L’isterismo o la paranoia generale non mi stupiscono. Tutti abbiamo paura di morire, temiamo per i nostri cari, e quindi vogliamo che si metta in atto qualunque genere di misura per eliminare la minaccia. Abbiamo paura delle epidemie perché sono molto recenti rispetto al nostro orizzonte cognitivo plasmato dall’evoluzione biologica. Nel cervello funziona un’euristica del contagio che serviva ai nostri antenati cacciatori- raccoglitori per evitare contatti con oggetti contaminati, pur non sapendo nulla della natura della contaminazione. Quando siamo transitati verso società molto numerose, sono entrate in gioco le epidemie e quell’euristica è diventata un rilevatore di allarme costantemente stimolato e che scatena paura e ricerca di potenziali untori. I capri espiatori rientrano nelle dinamiche di ricerca di qualche colpevole/ causa quando la situazione minacciosa appare senza controllo. Paradossalmente in passato, quando esistevano pochi dati e spiegazioni, le risposte erano più standardizzate.
Oggi invece?
Viviamo in società che premiano atteggiamenti di scetticismo o di sottovalutazione del rischio: per cui le persone possono trasgredire le raccomandazioni sanitarie. Qualcosa di simile si può dire sui decisori politici e i loro consulenti tecnici, che in passato cercavano comunque di salvaguardare le conquiste economiche o civili di una società. Nel caso della pandemia in corso, curiosamente no. Ogni intervento si è concentrato sul virus e sull’aspetto sanitario e, pur in assenza di tanti dati affidabili, si prendono decisioni che possono avere ricadute che andranno gravemente al di là di una pandemia, che non si sa quando finirà.
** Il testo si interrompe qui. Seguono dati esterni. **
(* Let $(t_i)_{i\in\mathbb{N}}$ be a sequence of real numbers that are algebraically independent over $\mathbb{Q}$, and let $A=\{P_{i,j} : i,j\in\mathbb{N},\ i<j\}\subseteq\mathbb{R}^2$, where $P_{i,j} = (t_i + t_j,\ t_i^2 + t_it_j + t_j^2)$. Then for every finite subset $P\subseteq A$ there exists $P'\subseteq P$ with $|P'|\ge |P|/2$ such that no three points of $P'$ are collinear. *)

theory Defs
  imports "HOL-Analysis.Analysis"
begin

text \<open>Multivariate polynomials
 with rational coefficients in the variables X_0, X_1, ... are represented explicitly:
 a monomial is an exponent vector e :: nat => nat with finite support, and a polynomial
 is a finite set E of monomials together with coefficients c.\<close>

definition monomial_val :: "(nat \<Rightarrow> real) \<Rightarrow> (nat \<Rightarrow> nat) \<Rightarrow> real" where
  "monomial_val t e = (\<Prod>i\<in>{i. e i \<noteq> 0}. t i ^ e i)"

definition alg_indep_Q :: "(nat \<Rightarrow> real) \<Rightarrow> bool" where
  "alg_indep_Q t \<longleftrightarrow>
     (\<forall>(E :: (nat \<Rightarrow> nat) set) (c :: (nat \<Rightarrow> nat) \<Rightarrow> rat).
        finite E \<longrightarrow> (\<forall>e\<in>E. finite {i. e i \<noteq> 0}) \<longrightarrow>
        (\<Sum>e\<in>E. of_rat (c e) * monomial_val t e) = 0 \<longrightarrow> (\<forall>e\<in>E. c e = 0))"

definition point_set :: "(nat \<Rightarrow> real) \<Rightarrow> (real \<times> real) set" where
  "point_set t = {(t i + t j, (t i)^2 + t i * t j + (t j)^2) | i j. i < j}"

definition no_three_collinear :: "(real \<times> real) set \<Rightarrow> bool" where
  "no_three_collinear S \<longleftrightarrow> (\<forall>T\<subseteq>S. card T = 3 \<longrightarrow> \<not> collinear T)"

end

theory Submission
  imports Defs
begin

(* View P_{i,j} as the edge {i, j} of the complete graph on the indices. Three points are
   collinear iff a determinant vanishes, and this determinant is a polynomial with rational
   coefficients in the t_i; by algebraic independence it then vanishes for all real values of
   the variables. It is not identically zero unless the three edges form a triangle (for the
   triangle {i, j, k} the three points do lie on a line of slope t_i + t_j + t_k). The edges
   crossing a cut (X, -X) contain no triangle, and every finite graph has a cut containing at
   least half of its edges: add the vertices one at a time, each on the side that cuts at
   least half of its edges to the earlier vertices. *)

definition rat_polynomial_function :: "((nat \<Rightarrow> real) \<Rightarrow> real) \<Rightarrow> bool" where
  "rat_polynomial_function F \<longleftrightarrow>
     (\<exists>E c. finite E \<and> (\<forall>e\<in>E. finite {i. e i \<noteq> 0}) \<and>
        (\<forall>s. F s = (\<Sum>e\<in>E. of_rat (c e) * monomial_val s e)))"

lemma monomial_val_eq_prod:
  assumes "finite S" "{i. e i \<noteq> 0} \<subseteq> S"
  shows "monomial_val s e = (\<Prod>i\<in>S. s i ^ e i)"
  unfolding monomial_val_def by (rule prod.mono_neutral_left[OF assms]) auto

lemma monomial_val_add:
  assumes "finite {i. e i \<noteq> 0}" "finite {i. f i \<noteq> 0}"
  shows "monomial_val s (\<lambda>i. e i + f i) = monomial_val s e * monomial_val s f"
proof -
  let ?S = "{i. e i \<noteq> 0} \<union> {i. f i \<noteq> 0}"
  have S: "finite ?S" using assms by blast
  have "monomial_val s (\<lambda>i. e i + f i) = (\<Prod>i\<in>?S. s i ^ e i * s i ^ f i)"
    by (subst monomial_val_eq_prod[OF S]) (auto simp: power_add)
  also have "\<dots> = monomial_val s e * monomial_val s f"
    by (simp add: prod.distrib monomial_val_eq_prod[OF S])
  finally show ?thesis .
qed

lemma alg_indep_Q_polynomial_vanishes:
  assumes "alg_indep_Q t" "rat_polynomial_function F" "F t = 0"
  shows "F s = 0"
proof -
  obtain E c where E: "finite E" "\<forall>e\<in>E. finite {i. e i \<noteq> 0}"
    and F: "\<And>s. F s = (\<Sum>e\<in>E. of_rat (c e) * monomial_val s e)"
    using assms(2) unfolding rat_polynomial_function_def by blast
  have "\<forall>e\<in>E. c e = 0"
    using assms(1) E assms(3) unfolding alg_indep_Q_def F by blast
  then show ?thesis by (simp add: F)
qed

lemma rat_polynomial_function_const: "rat_polynomial_function (\<lambda>s. of_rat r)"
  unfolding rat_polynomial_function_def
  by (rule exI[of _ "{\<lambda>i. 0}"], rule exI[of _ "\<lambda>_. r"]) (simp add: monomial_val_def)

lemma rat_polynomial_function_var: "rat_polynomial_function (\<lambda>s. s k)"
proof -
  define e :: "nat \<Rightarrow> nat" where "e = (\<lambda>i. if i = k then 1 else 0)"
  have supp: "{i. e i \<noteq> 0} = {k}" by (auto simp: e_def)
  have "s k = (\<Sum>e'\<in>{e}. of_rat 1 * monomial_val s e')" for s
    by (simp add: monomial_val_def supp) (simp add: e_def)
  then show ?thesis
    unfolding rat_polynomial_function_def
    by (intro exI[of _ "{e}"] exI[of _ "\<lambda>_. 1"]) (use supp in auto)
qed

lemma rat_polynomial_function_add:
  assumes "rat_polynomial_function F" "rat_polynomial_function G"
  shows "rat_polynomial_function (\<lambda>s. F s + G s)"
proof -
  obtain E1 c1 where E1: "finite E1" "\<forall>e\<in>E1. finite {i. e i \<noteq> 0}"
    and F: "\<And>s. F s = (\<Sum>e\<in>E1. of_rat (c1 e) * monomial_val s e)"
    using assms(1) unfolding rat_polynomial_function_def by blast
  obtain E2 c2 where E2: "finite E2" "\<forall>e\<in>E2. finite {i. e i \<noteq> 0}"
    and G: "\<And>s. G s = (\<Sum>e\<in>E2. of_rat (c2 e) * monomial_val s e)"
    using assms(2) unfolding rat_polynomial_function_def by blast
  define c where "c e = (if e \<in> E1 then c1 e else 0) + (if e \<in> E2 then c2 e else 0)" for e
  have U: "finite (E1 \<union> E2)" using E1 E2 by blast
  have "F s + G s = (\<Sum>e\<in>E1 \<union> E2. of_rat (c e) * monomial_val s e)" for s
  proof -
    have "(\<Sum>e\<in>E1 \<union> E2. of_rat (if e \<in> E1 then c1 e else 0) * monomial_val s e) = F s"
      unfolding F by (rule sum.mono_neutral_cong_right) (use U in auto)
    moreover have "(\<Sum>e\<in>E1 \<union> E2. of_rat (if e \<in> E2 then c2 e else 0) * monomial_val s e) = G s"
      unfolding G by (rule sum.mono_neutral_cong_right) (use U in auto)
    ultimately show ?thesis
      unfolding c_def of_rat_add distrib_right sum.distrib by simp
  qed
  then show ?thesis
    unfolding rat_polynomial_function_def using U E1(2) E2(2) by blast
qed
Anche in questa occasione, sono nate teorie del complotto rispetto alla nascita e diffusione del virus.
Apparentemente ne sono circolate meno di quelle che mi aspettavo. Cento o duecento anni fa saremmo stati inondati. È vero che io non uso i social, ma navigo molto nell’universo di google. Forse certe discussioni segregano nelle echo chambers, cioè i complottisti si chiudono all’interno di riserve dove si parlano tra loro e le ipotesi farneticanti circolano ma si vedono di meno fuori dai social.